Biberiyenin tarihi, antik çağlara kadar uzanmaktadır. Özellikle Eski Mısır’da, yüksek sıcaklık ve çöl ikliminin etkilerine karşı korunmak amacıyla kullanılan kremler ve yağların bileşiminde biberiye sıklıkla yer almıştır. Bu durum, bitkinin o dönemden itibaren insanlar tarafından tercih edilen ve sağlık amaçlı kullanılan önemli bir bitki olduğunu göstermektedir.
Karnosik asit, ursolik asit, oleanolik asit, flavonoidler ve rosmarinik asit gibi bileşikler, biberiyenin en önemli aktif maddeleridir. Bu bileşenlerin ortak özelliği, güçlü antioksidan etkileri olmasıdır. Antioksidanlar, vücudumuzdaki zararlı moleküller olan serbest radikalleri nötralize ederek hücre hasarını önler ve yaşlanma sürecini yavaşlatır. Bu bileşikler arasında özellikle rosmarinik asit dikkat çeker. Rosmarinik asit, bitki tarafından fenilalanin ve tirozin adlı iki amino asitten üretilir. Bu üretim sürecinde, karmaşık kimyasal reaksiyonlar sonucu fenolik halkalar adı verilen özel yapılar oluşur. Bu halkalar, rosmarinik aside antioksidan özelliğini kazandıran en önemli yapı taşlarıdır. Ayrca rosmarinik asit gastrointestinal sistemden ve deriden iyi emilmektedir. Bu da vücuttaki iltihaplı süreçleri azaltarak birçok hastalığın riskini düşürür. Bağışıklık sistemini güçlendirir, serbest radikallerin neden olduğu cilt hasarını önler ve cildin daha genç görünmesini sağlar.
Lee ve arkadaşları Lamiaceae familyasından elde edilen çeşitli bitki özütlerinin antioksidan potansiyellerini değerlendirmek amacıyla bir çalışma yapmışlardır.

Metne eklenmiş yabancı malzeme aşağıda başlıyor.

definition pa :: "('i::finite \<Rightarrow> real) \<Rightarrow> 'i \<Rightarrow> real" where
  "pa m a = exp (m a) / Zsum m"

definition Jfun :: "real \<Rightarrow> real \<Rightarrow> real" where
  "Jfun \<nu> y = (1 - \<nu>) * y + ln \<nu>"

definition deltav :: "'i \<Rightarrow> 'i \<Rightarrow> real" where
  "deltav a x = (if x = a then 1 else 0)"

definition fdens :: "real \<Rightarrow> ('i::finite \<Rightarrow> real) \<Rightarrow> 'i \<Rightarrow> real \<Rightarrow> real" where
  "fdens \<nu> m a y = pa m a * \<nu> * exp (- \<nu> * y) + (1 - pa m a) * exp (- y)"

text \<open>Value with n beam-alignment slots remaining: Wrem nu n = V*_{L-n}.\<close>
primrec Wrem :: "real \<Rightarrow> nat \<Rightarrow> ('i::finite \<Rightarrow> real) \<Rightarrow> real" where
  "Wrem \<nu> 0 m = Max (range (\<lambda>a. pa m a))"
| "Wrem \<nu> (Suc n) m = Max (range (\<lambda>a.
      LINT y:{0..}|lborel. Wrem \<nu> n (\<lambda>x. m x + Jfun \<nu> y * deltav a x) * fdens \<nu> m a y))"

definition Vstar :: "real \<Rightarrow> nat \<Rightarrow> nat \<Rightarrow> ('i::finite \<Rightarrow> real) \<Rightarrow> real" where
  "Vstar \<nu> L k m = Wrem \<nu> (L - k) m"

definition qfun :: "real \<Rightarrow> nat \<Rightarrow> nat \<Rightarrow> ('i::finite \<Rightarrow> real) \<Rightarrow> 'i \<Rightarrow> real" where
  "qfun \<nu> L k m a =
     (LINT y:{0..}|lborel. Vstar \<nu> L (k + 1) (\<lambda>x. m x + Jfun \<nu> y * deltav a x) * fdens \<nu> m a y)"

definition hfun :: "real \<Rightarrow> real" where
  "hfun \<nu> = exp (\<nu> / (1 - \<nu>) * ln \<nu>) - exp (ln \<nu> / (1 - \<nu>))"

definition gfun :: "real \<Rightarrow> real" where
  "gfun \<nu> = exp (ln \<nu> / (1 - \<nu>)) * (1 / (1 + \<nu>) - ln \<nu> / (1 - \<nu>))"

definition Mmax :: "('i::finite \<Rightarrow> real) \<Rightarrow> 'i \<Rightarrow> real" where
  "Mmax m a = Max (m ` (UNIV - {a}))"

definition xi :: "real \<Rightarrow> 'i::finite \<Rightarrow> ('i \<Rightarrow> real) \<Rightarrow> real" where
  "xi \<nu> a m = (if Mmax m a - m a < ln \<nu> then exp (m a)
     else exp (Mmax m a) + hfun \<nu> * exp ((m a - \<nu> * Mmax m a) / (1 - \<nu>)))"

definition minpair :: "real \<Rightarrow> ('i::finite \<Rightarrow> real) \<Rightarrow> real" where
  "minpair \<nu> m = Min {m xi - \<nu> * m xj | xi xj. xi \<noteq> xj}"

definition qLB :: "real \<Rightarrow> nat \<Rightarrow> nat \<Rightarrow> ('i::finite \<Rightarrow> real) \<Rightarrow> 'i \<Rightarrow> real" where
  "qLB \<nu> L k m a = (1 / Zsum m) * (xi \<nu> a m
     + exp (minpair \<nu> m / (1 - \<nu>)) * hfun \<nu> * (\<Sum>n\<in>{1..L - k - 1}. gfun \<nu> ^ n))"

definition qUB :: "real \<Rightarrow> nat \<Rightarrow> nat \<Rightarrow> ('i::finite \<Rightarrow> real) \<Rightarrow> 'i \<Rightarrow> real" where
  "qUB \<nu> L k m a = (1 + hfun \<nu>) ^ (L - k - 1) / Zsum m * xi \<nu> a m"

end

theory Submission
  imports Defs
begin

text \<open>Probing beam a and observing y turns the belief m into m + J(y) \<delta>[a], and the density
  of the observation equals Z(m + J(y) \<delta>[a]) exp(-y) / Z(m), where Z is the softmax partition
  function. So each slot multiplies the unnormalised value Z \<cdot> V by an integral against exp(-y);
  with one slot left this integral is exactly \<xi>(a; m).

  By convexity \<xi>(a; m) \<le> (1 + h) exp(max m), so each further slot costs at most a factor
  1 + h. Conversely, one slot later, probing a non-maximal index gains
  h exp(min{m[i] - \<nu> m[j] | i \<noteq> j} / (1 - \<nu>)); an observation changes this minimum by at least
  min(J, -\<nu> J), and integrating the resulting factor against exp(-y) gives g, whence the
  geometric sum. Finally \<xi>(\<cdot>; m) is maximal at the second-largest coordinate.\<close>

definition shift :: "('i \<Rightarrow> real) \<Rightarrow> 'i \<Rightarrow> real \<Rightarrow> 'i \<Rightarrow> real" where
  "shift m a t = (\<lambda>x. m x + t * deltav a x)"

lemma shift_same [simp]: "shift m a t a = m a + t"
  by (simp add: shift_def deltav_def)

lemma shift_other [simp]: "x \<noteq> a \<Longrightarrow> shift m a t x = m x"
  by (simp add: shift_def deltav_def)

lemma exists_ne_if_card_ge_2:
  assumes "CARD('i::finite) \<ge> 2" shows "\<exists>b::'i. b \<noteq> a"
proof (rule ccontr)
  assume "\<nexists>b::'i. b \<noteq> a"
  hence "(UNIV::'i set) = {a}" by auto
  hence "CARD('i) = card {a}" by simp
  thus False using assms by simp
qed

lemma Max_range_ge: "(f::'i::finite \<Rightarrow> 'a::linorder) b \<le> Max (range f)"
  by (rule Max_ge) auto

lemma Max_range_eqI: "(\<And>b. f b \<le> f b0) \<Longrightarrow> Max (range f) = ((f::'i::finite \<Rightarrow> 'a::linorder) b0)"
  by (rule Max_eqI) auto

lemma Max_range_le: "(\<And>b. (f::'i::finite \<Rightarrow> 'a::linorder) b \<le> c) \<Longrightarrow> Max (range f) \<le> c"
  by (simp add: Max_le_iff)

lemma ex_argmax: "\<exists>b0. \<forall>b. (f::'i::finite \<Rightarrow> 'a::linorder) b \<le> f b0"
proof -
  have "Max (range f) \<in> range f" by (rule Max_in) auto
  then obtain b0 where "f b0 = Max (range f)" by (metis rangeE)
  thus ?thesis using Max_range_ge[of f] by metis
qed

Bu çalışmada %70 aseton çözeltisinde hazırlanan özütlerin, DPPH radikal giderme kapasiteleri incelenmiştir. Tüm özütlerde antioksidan aktivite gözlemlenmiş olup, özellikle origano ve lavanta özütleri daha yüksek aktivite göstermiştir. Biberiye özütü ise, ultraviyole (UVA ve UVB) radyasyonunu emme kapasitesi ve Staphylococcus aureus bakterisine karşı inhibisyon etkisi bakımından diğer özütlere göre daha etkili bulunmuştur. Bu bulgular, biberiyenin kozmetik ürünlerde potansiyel kullanımı için önemli bir veri sunmaktadır.

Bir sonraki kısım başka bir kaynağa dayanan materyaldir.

(* Let $n$ be even, let $0<\alpha\le 1/4$ with $m=\alpha n$ a positive integer, and let $0\le\epsilon<1/2$. Consider any randomized one-pass streaming algorithm (equivalently, any one-way protocol with public randomness) of the following form: after reading $x\in\{0,1\}^n$ it retains a memory state (message) of at most $c$ bits, and then, given this state and a matching $M$ on $[n]$ of exactly $m$ pairwise disjoint edges, it outputs an edge $\{i,j\}\in M$ together with a bit $b$. Suppose that for every $x\in\{0,1\}^n$ and every such matching $M$, the probability that $b\ne x_i\oplus x_j$ is at most $\epsilon$. Then $$c\;\ge\;\frac{1}{e\ln 2}\Big(\frac12-\epsilon\Big)\sqrt{\frac{n-1}{2\alpha}},$$ where $e$ is Euler's number; in particular $c=\Omega(\sqrt{n/\alpha})$.
   Context: $[n]=\{1,\dots,n\}$. A matching on $[n]$ is a set of unordered pairs of distinct elements of $[n]$, no two sharing an element. The randomness of the algorithm may be shared between the phase that reads $x$ and the phase that reads $M$; the error probability is over this randomness only, for each fixed input $(x,M)$. *)

theory Defs
  imports "HOL-Probability.Probability"
begin

definition bitstrings :: "nat \<Rightarrow> (nat \<Rightarrow> bool) set" where
  "bitstrings n = {x. \<forall>i. i \<notin> {1..n} \<longrightarrow> \<not> x i}"

definition edges_on :: "nat \<Rightarrow> nat set set" where
  "edges_on n = {e. \<exists>i j. i \<in> {1..n} \<and> j \<in> {1..n} \<and> i \<noteq> j \<and> e = {i, j}}"

definition matchings :: "nat \<Rightarrow> nat \<Rightarrow> nat set set set" where
  "matchings n m = {M. M \<subseteq> edges_on n \<and> pairwise disjnt M \<and> finite M \<and> card M = m}"

end

(*
  Fix an outcome of the public randomness on which the protocol errs on at most an
  eps-fraction of the pairs (x, M).  The messages split {0,1}^n into at most 2^c fibres.
  On a fibre A, an answer ({i,j}, b) is correct for (|A| +- A^({i,j})) / 2 inputs, where
  A^(e) = sum_{x in A} (-1)^(x_i + x_j).  Since every edge lies in the same fraction
  m / C(n,2) of the matchings, Cauchy-Schwarz bounds the average over the matchings of
  |A^(e)| at the answered edge e by sqrt (m / C(n,2)) sqrt (W A), where W A = sum_e A^(e)^2
  is the level-2 Fourier weight of A.  The level-2 inequality
  sqrt (W A) <= e |A| (ln (2^n / |A|) + 1), which follows from the Bonami hypercontractive
  inequality, and Gibbs' inequality over the fibres give sum_A sqrt (W A) <= 2 e ln 2 c 2^n,
  whence 1/2 - eps <= e ln 2 c sqrt (m / C(n,2)) = e ln 2 c sqrt (2 alpha / (n - 1)).
*)
theory Submission
  imports Defs
begin

section \<open>The Boolean cube and its characters\<close>

definition cube :: "nat set \<Rightarrow> (nat \<Rightarrow> bool) set" where
  "cube I = {x. \<forall>i. i \<notin> I \<longrightarrow> \<not> x i}"

lemma bitstrings_eq_cube: "bitstrings n = cube {1..n}"
  unfolding bitstrings_def cube_def by simp

lemma cube_empty: "cube {} = {\<lambda>_. False}"
  by (auto simp: cube_def)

Gomez-Estaca ve arkadaşları tarafından yürütülen çalışmalarda, biberiyenin antibakteriyel etkisi gıda sistemlerinde detaylı bir şekilde incelenmiştir. Bu çalışmalarda, biberiye yağının ve özütünün, dana eti, kümes hayvanları ve çeşitli gıda ürünlerinde yaygın olarak bulunan Escherichia coli, Bacillus cereus ve Staphylococcus aureus gibi patojen bakterilerin büyümesini inhibe ettiği gözlemlenmiştir. Bu bulgular, biberiyenin doğal bir koruyucu ajan olarak gıda endüstrisinde kullanılabileceği potansiyelini de ortaya koymaktadır.

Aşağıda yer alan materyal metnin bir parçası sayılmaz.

(* Under Strategy 1 (described in the context), let $U_h(\omega)$ be the number of uncles created during the attack cycle $\omega$ that are referred by nephew blocks mined by the honest miners, in $\omega$ or in a later cycle. Then $$\mathbb{E}[U_h]=p^2q+\bigl(p+(1-\gamma)p^2q\bigr)\left(\frac{q^2}{p}\bigl(1-q^{n_1-1}\bigr)\gamma+(1-\gamma)pq^2\,\frac{1-(pq)^{n_1-1}}{1-pq}\right).$$
   Context: Honest hashrate $p$, attacker hashrate $q$, $p+q=1$, $0<q<p$; $\gamma\in[0,1]$ is the fraction of honest hashrate mining on the attacker's block during a public competition between equal-height blocks. Attack cycles are i.i.d. words in S (attacker block) and H (honest block): H, SHS, SHH, or SSwH with $w$ a Dyck word; $\mathbb{P}[H]=p$, $\mathbb{P}[SHS]=pq^2$, $\mathbb{P}[SHH]=p^2q$, $\mathbb{P}[SSwH]=q^2p(pq)^{|w|}$ ($|w|$ half the length of $w$). In SHH the second honest block is built on the attacker's block with probability $\gamma$ and on the first honest block with probability $1-\gamma$. Ethereum rules: an uncle is a non-official block whose parent is official; a nephew (official block) may refer an uncle at distance (height difference) at most $n_1$ ($n_1\ge2$ an integer). Strategy 1: the attacker withholds his blocks, and each time the honest miners publish a block he publishes the part of his secret fork of the same height as the public honest chain (a fraction $\gamma$ of honest hashrate then mines on the attacker's branch); the attacker's fork wins in cycles starting with SS; all miners refer all possible uncles. *)

theory Defs
  imports "HOL-Analysis.Analysis"
begin

(* Letters of an attack cycle: True = S (attacker block), False = H (honest block). *)

definition count_S :: "bool list \<Rightarrow> nat" where
  "count_S w = length (filter id w)"

definition count_H :: "bool list \<Rightarrow> nat" where
  "count_H w = length (filter Not w)"

definition dyck :: "bool list \<Rightarrow> bool" where
  "dyck w \<longleftrightarrow> count_S w = count_H w \<and>
     (\<forall>k\<le>length w. count_H (take k w) \<le> count_S (take k w))"

definition valid_cycle :: "bool list \<Rightarrow> bool" where
  "valid_cycle w \<longleftrightarrow> w = [False] \<or> w = [True, False, True] \<or> w = [True, False, False]
     \<or> (\<exists>v. dyck v \<and> w = True # True # v @ [False])"

(* Probability of a cycle word: P[H]=p, P[SHS]=pq^2, P[SHH]=p^2q, P[SSwH]=q^2p(pq)^|w|,
   i.e. q^(#S) p^(#H) on valid cycles. *)
definition cycle_prob :: "real \<Rightarrow> real \<Rightarrow> bool list \<Rightarrow> real" where
  "cycle_prob p q w = (if valid_cycle w then q ^ count_S w * p ^ count_H w else 0)"

(* A cycle outcome is a word together with one independent gamma-coin per honest block:
   coin i (0-based, for the (i+1)-th honest block) = True means that this honest block was mined
   by the fraction gamma of honest hashrate working on the attacker's (published) competing block. *)
definition outcome_prob :: "real \<Rightarrow> real \<Rightarrow> real \<Rightarrow> bool list \<times> bool list \<Rightarrow> real" where
  "outcome_prob p q \<gamma> wc = (case wc of (w, c) \<Rightarrow>
     if length c = count_H w
     then cycle_prob p q w * (\<Prod>b\<leftarrow>c. if b then \<gamma> else 1 - \<gamma>)
     else 0)"

(* Blocks created during a cycle. Heights are relative to the last official block before the
   cycle (height 0); times are positions in the cycle word. *)
record blk =
  honest :: bool
  height :: nat
  mined :: nat
  published :: nat
  official :: bool
  parent_official :: bool

(* Cycles where the attacker's fork wins (SHS and SSwH) under Strategy 1:
   the j-th attacker block has height j and is official; the i-th honest block has height i,
   is published when mined, is orphaned, and its parent is official iff i = 1 or it was mined
   on the attacker's block of height i-1 (gamma-coin). *)
definition fork_blocks :: "bool list \<Rightarrow> bool list \<Rightarrow> blk list" where
  "fork_blocks w c = map (\<lambda>k.
     if w ! k then
       \<lparr>honest = False, height = count_S (take (Suc k) w), mined = k, published = k,
        official = True, parent_official = True\<rparr>
     else
       \<lparr>honest = True, height = count_H (take (Suc k) w), mined = k, published = k,
        official = False,
        parent_official = (count_H (take (Suc k) w) = 1 \<or> c ! (count_H (take (Suc k) w) - 1))\<rparr>)
     [0..<length w]"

Farklı kullanım alanlarına sahip olan biberiye bitkisinin yaklaşık 25 gramı 1 litre suda kaynatılıp içilmesi, idrarı, safrayı, öksürüğü ve gazı söktürür, kalbe ve ciğerlere güç vermektedir. Balmumu ile eritilip karıştırıldığında merhem olarak burkulmalara, diz üstü yaralara, eziklere ve darbe sonucu oluşan şişliklere iyi geldiği bilinmektedir. Biberiye suyu ile gargara yapılması ağız ve boğaz sağlığı için faydalı olabilir. Aynı şekilde, biberiye suyu ile saç diplerine masaj yapılması saçların daha hızlı uzamasını sağlamaktadır.
Ancak, hamilelik ve emzirme döneminde, bazı ilaçlarla birlikte kullanıldığında ve bazı sağlık sorunlarında yan etkileri olabilir. Bu nedenle, biberiye kullanmadan önce mutlaka bir sağlık uzmanına danışılması önemlidir.
Kaynaklar
1) Francisco José González-Minero ,Luis Bravo-Díaz and Antonio Ayala-Gómez. Rosmarinus officinalis L. (Rosemary): An Ancient Plant with Uses in Personal Healthcare and Cosmetics. Cosmetics 2020, 7(4), 77.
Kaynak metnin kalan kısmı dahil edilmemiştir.